--- Instructions to follow ---
Which lines of the material hold the word "thesis"? Copy each one.

--- Source material ---
lemma exists_component_superset:
  assumes c: "connectoid S \<F>" and T: "conn \<F> T" "T \<subseteq> M" "T \<noteq> {}"
  shows "\<exists>K\<in>components \<F> M. T \<subseteq> K"
proof -
  define K where "K = \<Union>{C. conn \<F> C \<and> T \<subseteq> C \<and> C \<subseteq> M}"
  have "conn \<F> K"
    unfolding conn_def
  proof (intro ballI)
    fix x y assume "x \<in> K" "y \<in> K"
    then obtain C1 C2 where C: "conn \<F> C1" "T \<subseteq> C1" "C1 \<subseteq> M" "x \<in> C1"
      "conn \<F> C2" "T \<subseteq> C2" "C2 \<subseteq> M" "y \<in> C2"
      unfolding K_def by blast
    have "C1 \<inter> C2 \<noteq> {}" using C(2,6) T(3) by blast
    then have "conn \<F> (C1 \<union> C2)" by (rule conn_Un[OF c C(1) C(5)])
    moreover from this have "C1 \<union> C2 \<subseteq> K" unfolding K_def using C(2,3,7) by blast
    moreover have "x \<in> C1 \<union> C2" "y \<in> C1 \<union> C2" using C(4,8) by blast+
    ultimately show "\<exists>F\<in>\<F>. F \<subseteq> K \<and> x \<in> F \<and> y \<in> F" by (meson connD order_trans)
  qed
  moreover have "T \<subseteq> K" "K \<subseteq> M" using T unfolding K_def by blast+
  ultimately have "K \<in> components \<F> M" unfolding components_def K_def by blast
  with \<open>T \<subseteq> K\<close> show ?thesis by blast
qed

lemma components_restrict:
  assumes "K \<in> components \<F> M" "K \<subseteq> L" "L \<subseteq> M"
  shows "K \<in> components \<F> L"
proof -
  have "K' = K" if "K \<subseteq> K'" "K' \<subseteq> L" "conn \<F> K'" for K'
    using componentsD(3)[OF assms(1) that(1) _ that(3)] that(2) assms(3) by blast
  with assms(2) componentsD(2)[OF assms(1)] show ?thesis unfolding components_def by blast
qed
(* Let $\nu>0$ and \[W_2(x)=(1-x^2)^{\nu-1/2}\begin{pmatrix}2(\nu+1)x^2+2\nu&(2\nu+1)\sqrt2\,x\\(2\nu+1)\sqrt2\,x&\nu x^2+\nu+1\end{pmatrix},\qquad x\in(-1,1).\] Let $B_n,C_n$ be the $2\times2$ recurrence coefficients of the monic matrix orthogonal polynomials $P_n$ for $W_2$, i.e. $xP_n(x)=P_{n+1}(x)+B_nP_n(x)+C_nP_{n-1}(x)$ with $P_{-1}=0$, $P_0=I_2$. Then as $n\to\infty$, \[B_n=\frac1{n^2}\begin{pmatrix}0&\sqrt2(1+\nu)\\ \frac{\nu}{\sqrt2}&0\end{pmatrix}+O(n^{-3}),\qquad C_n=\frac14I_2+O(n^{-2}).\]
   Context: The monic matrix orthogonal polynomial $P_n$ of degree $n$ for $W_2$ is the unique $2\times2$ matrix polynomial $P_n(x)=x^nI_2+\dots$ with $\int_{-1}^1P_n(x)W_2(x)P_m(x)^\ast dx=0$ for $m\ne n$. *)

theory Defs
  imports "HOL-Analysis.Analysis"
begin

text \<open>2x2 real matrices are rendered as real^2^2; entry (i,j) is A $ i $ j (row i).\<close>

definition mat2 :: "real \<Rightarrow> real \<Rightarrow> real \<Rightarrow> real \<Rightarrow> real^2^2" where
  "mat2 a b c d = vector [vector [a, b], vector [c, d]]"

text \<open>The weight W_2 on (-1,1) (its value at the endpoints is irrelevant).\<close>
definition W2 :: "real \<Rightarrow> real \<Rightarrow> real^2^2" where
  "W2 \<nu> x = ((1 - x\<^sup>2) powr (\<nu> - 1/2)) *\<^sub>R
     mat2 (2*(\<nu>+1)*x\<^sup>2 + 2*\<nu>) ((2*\<nu>+1) * sqrt 2 * x)
          ((2*\<nu>+1) * sqrt 2 * x) (\<nu> * x\<^sup>2 + \<nu> + 1)"

definition monic_matpoly :: "nat \<Rightarrow> (real \<Rightarrow> real^2^2) \<Rightarrow> bool" where
  "monic_matpoly n p \<longleftrightarrow>
     (\<exists>A :: nat \<Rightarrow> real^2^2. \<forall>x. p x = x ^ n *\<^sub>R mat 1 + (\<Sum>k<n. x ^ k *\<^sub>R A k))"

text \<open>P is the sequence of monic matrix orthogonal polynomials for the weight W
  (the adjoint of a real matrix is its transpose).\<close>
definition monic_MOPS :: "(real \<Rightarrow> real^2^2) \<Rightarrow> (nat \<Rightarrow> real \<Rightarrow> real^2^2) \<Rightarrow> bool" where
  "monic_MOPS W P \<longleftrightarrow>
     (\<forall>n. monic_matpoly n (P n)) \<and>
     (\<forall>n m. n \<noteq> m \<longrightarrow>
        ((\<lambda>x. P n x ** W x ** transpose (P m x)) has_integral 0) {-1..1})"

end

theory Submission
  imports Defs
begin

text \<open>The weight \<open>W2\<close> admits a second-order matrix differential operator \<open>D\<close>, acting on matrix
  polynomials from the right, that is symmetric with respect to \<open>W2\<close> and maps \<open>x^n\<close> to
  \<open>x^n \<Lambda>\<^sub>n\<close> plus lower order terms. For the monic orthogonal polynomial \<open>P\<^sub>n\<close>, the defect
  \<open>D(P\<^sub>n) - \<Lambda>\<^sub>n P\<^sub>n\<close> has degree \<open>< n\<close> and is orthogonal to every polynomial of degree \<open>< n\<close>,
  so it vanishes because \<open>W2\<close> is positive definite. Comparing the coefficients of \<open>x^(n-1)\<close> and
  \<open>x^(n-2)\<close> in \<open>D(P\<^sub>n) = \<Lambda>\<^sub>n P\<^sub>n\<close> gives these coefficients of \<open>P\<^sub>n\<close> as explicit rational functions
  of \<open>n\<close>. Comparing coefficients in the three-term recurrence expresses \<open>B\<^sub>n\<close> and \<open>C\<^sub>n\<close> through
  them, and the asymptotics follow from the explicit formulas.\<close>

section \<open>Moments of the Gegenbauer weight\<close>

definition gegenbauer_weight :: "real \<Rightarrow> real \<Rightarrow> real" where
  "gegenbauer_weight \<nu> x = (1 - x\<^sup>2) powr (\<nu> - 1/2)"

lemma gegenbauer_weight_nonneg: "gegenbauer_weight \<nu> x \<ge> 0"
  by (simp add: gegenbauer_weight_def)

lemma gegenbauer_weight_pos: "\<bar>x\<bar> < 1 \<Longrightarrow> gegenbauer_weight \<nu> x > 0"
  by (simp add: gegenbauer_weight_def flip: abs_square_less_1)

lemma gegenbauer_weight_minus [simp]: "gegenbauer_weight \<nu> (- x) = gegenbauer_weight \<nu> x"
  by (simp add: gegenbauer_weight_def)

text \<open>The substitution \<open>x = 2t - 1\<close> turns the weight into a Beta integrand.\<close>
lemma integrable_gegenbauer_weight:
  assumes "\<nu> > -1/2"
  shows "gegenbauer_weight \<nu> integrable_on {-1..1}"
proof -
  define a where "a = \<nu> + 1/2"
  have "(\<lambda>t. t powr (a - 1) * (1 - t) powr (a - 1)) integrable_on {0..1}"
    by (rule integrable_Beta') (use assms in \<open>auto simp: a_def\<close>)
  from integrable_on_cmult_left[OF this, of "4 powr (a - 1)"]
  have "(\<lambda>t. 4 powr (a - 1) * (t powr (a - 1) * (1 - t) powr (a - 1))) integrable_on {0..1}"
    by simp
  moreover have "gegenbauer_weight \<nu> (2*t - 1) = 4 powr (a - 1) * (t powr (a - 1) * (1 - t) powr (a - 1))"
    if "t \<in> {0..1}" for t
  proof -
    have "1 - (2*t - 1)\<^sup>2 = 4 * (t * (1 - t))"
      by (simp add: power2_eq_square algebra_simps)
    then show ?thesis
      using that by (simp add: gegenbauer_weight_def a_def powr_mult)
  qed
  ultimately have "(\<lambda>t. gegenbauer_weight \<nu> (2*t - 1)) integrable_on {0..1}"
    by (metis (no_types, lifting) integrable_eq)
  then have "(\<lambda>x. gegenbauer_weight \<nu> (2 * ((1/2) *\<^sub>R x + 1/2) - 1)) integrable_on
      ((\<lambda>x. (1 / (1/2)) *\<^sub>R x + -((1/(1/2)) *\<^sub>R (1/2))) ` cbox 0 1)"
    by (intro integrable_affinity) auto
  moreover have "(\<lambda>x. (1 / (1/2)) *\<^sub>R x + -((1/(1/2)) *\<^sub>R (1/2::real))) ` cbox 0 1 = {-1..1}"
    by (auto simp: image_iff intro!: bexI[where x="(_ + 1) / 2"]; simp add: field_simps)
  ultimately show ?thesis
    by simp
qed

lemma integrable_gegenbauer_monomial:
  assumes "\<nu> > -1/2"
  shows "(\<lambda>x. x^k * gegenbauer_weight \<nu> x) integrable_on {-1..1}"
proof (rule measurable_bounded_by_integrable_imp_integrable_real[OF _ integrable_gegenbauer_weight[OF assms]])
  show "(\<lambda>x. x^k * gegenbauer_weight \<nu> x) \<in> borel_measurable (lebesgue_on {-1..1})"
    by (rule measurable_restrict_space1, rule measurable_completion)
      (simp add: gegenbauer_weight_def)
  show "\<bar>x^k * gegenbauer_weight \<nu> x\<bar> \<le> gegenbauer_weight \<nu> x" if "x \<in> {-1..1}" for x
  proof -
    have "\<bar>x\<bar>^k \<le> 1"
      using that by (intro power_le_one) auto
    then show ?thesis
      using mult_right_mono[of "\<bar>x\<bar>^k" 1 "gegenbauer_weight \<nu> x"]
      by (simp add: abs_mult power_abs gegenbauer_weight_nonneg)
  qed
qed auto

definition gegenbauer_moment :: "real \<Rightarrow> nat \<Rightarrow> real" where
  "gegenbauer_moment \<nu> k = integral {-1..1} (\<lambda>x. x^k * gegenbauer_weight \<nu> x)"

lemma gegenbauer_moment:
  assumes "\<nu> > -1/2"
  shows "((\<lambda>x. x^k * gegenbauer_weight \<nu> x) has_integral gegenbauer_moment \<nu> k) {-1..1}"
  unfolding gegenbauer_moment_def
  using integrable_gegenbauer_monomial[OF assms] by (rule integrable_integral)

lemma gegenbauer_moment_odd:
  assumes "\<nu> > -1/2"
  shows "gegenbauer_moment \<nu> (Suc (2*k)) = 0"
proof -
  let ?f = "\<lambda>x. x ^ Suc (2*k) * gegenbauer_weight \<nu> x"
  have "((\<lambda>x. ?f (-x)) has_integral gegenbauer_moment \<nu> (Suc (2*k))) {-1..1}"
    using has_integral_reflect_lemma_real[OF gegenbauer_moment[OF assms, of "Suc (2*k)"]] by simp
  moreover have "?f (-x) = - ?f x" for x
    by simp
  ultimately have "((\<lambda>x. - ?f x) has_integral gegenbauer_moment \<nu> (Suc (2*k))) {-1..1}"
    by simp
  from has_integral_unique[OF this has_integral_neg[OF gegenbauer_moment[OF assms]]]
  show ?thesis
    by simp
qed

lemma powr_gegenbauer_succ:
  assumes "\<bar>x\<bar> < 1"
  shows "(1 - x\<^sup>2) powr (\<nu> + 1/2) = (1 - x\<^sup>2) * gegenbauer_weight \<nu> x"
proof -
  have "\<nu> + 1/2 = 1 + (\<nu> - 1/2)"
    by simp
  then have "(1 - x\<^sup>2) powr (\<nu> + 1/2) = (1 - x\<^sup>2) powr 1 * gegenbauer_weight \<nu> x"
    unfolding gegenbauer_weight_def by (simp only: powr_add)
  moreover have "1 - x\<^sup>2 > 0"
    using assms by (simp add: abs_square_less_1)
  ultimately show ?thesis
    by simp
qed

--- Answer ---
  with \<open>T \<subseteq> K\<close> show ?thesis by blast
  with assms(2) componentsD(2)[OF assms(1)] show ?thesis unfolding components_def by blast
    then show ?thesis
  ultimately show ?thesis
    then show ?thesis
  show ?thesis
  ultimately show ?thesis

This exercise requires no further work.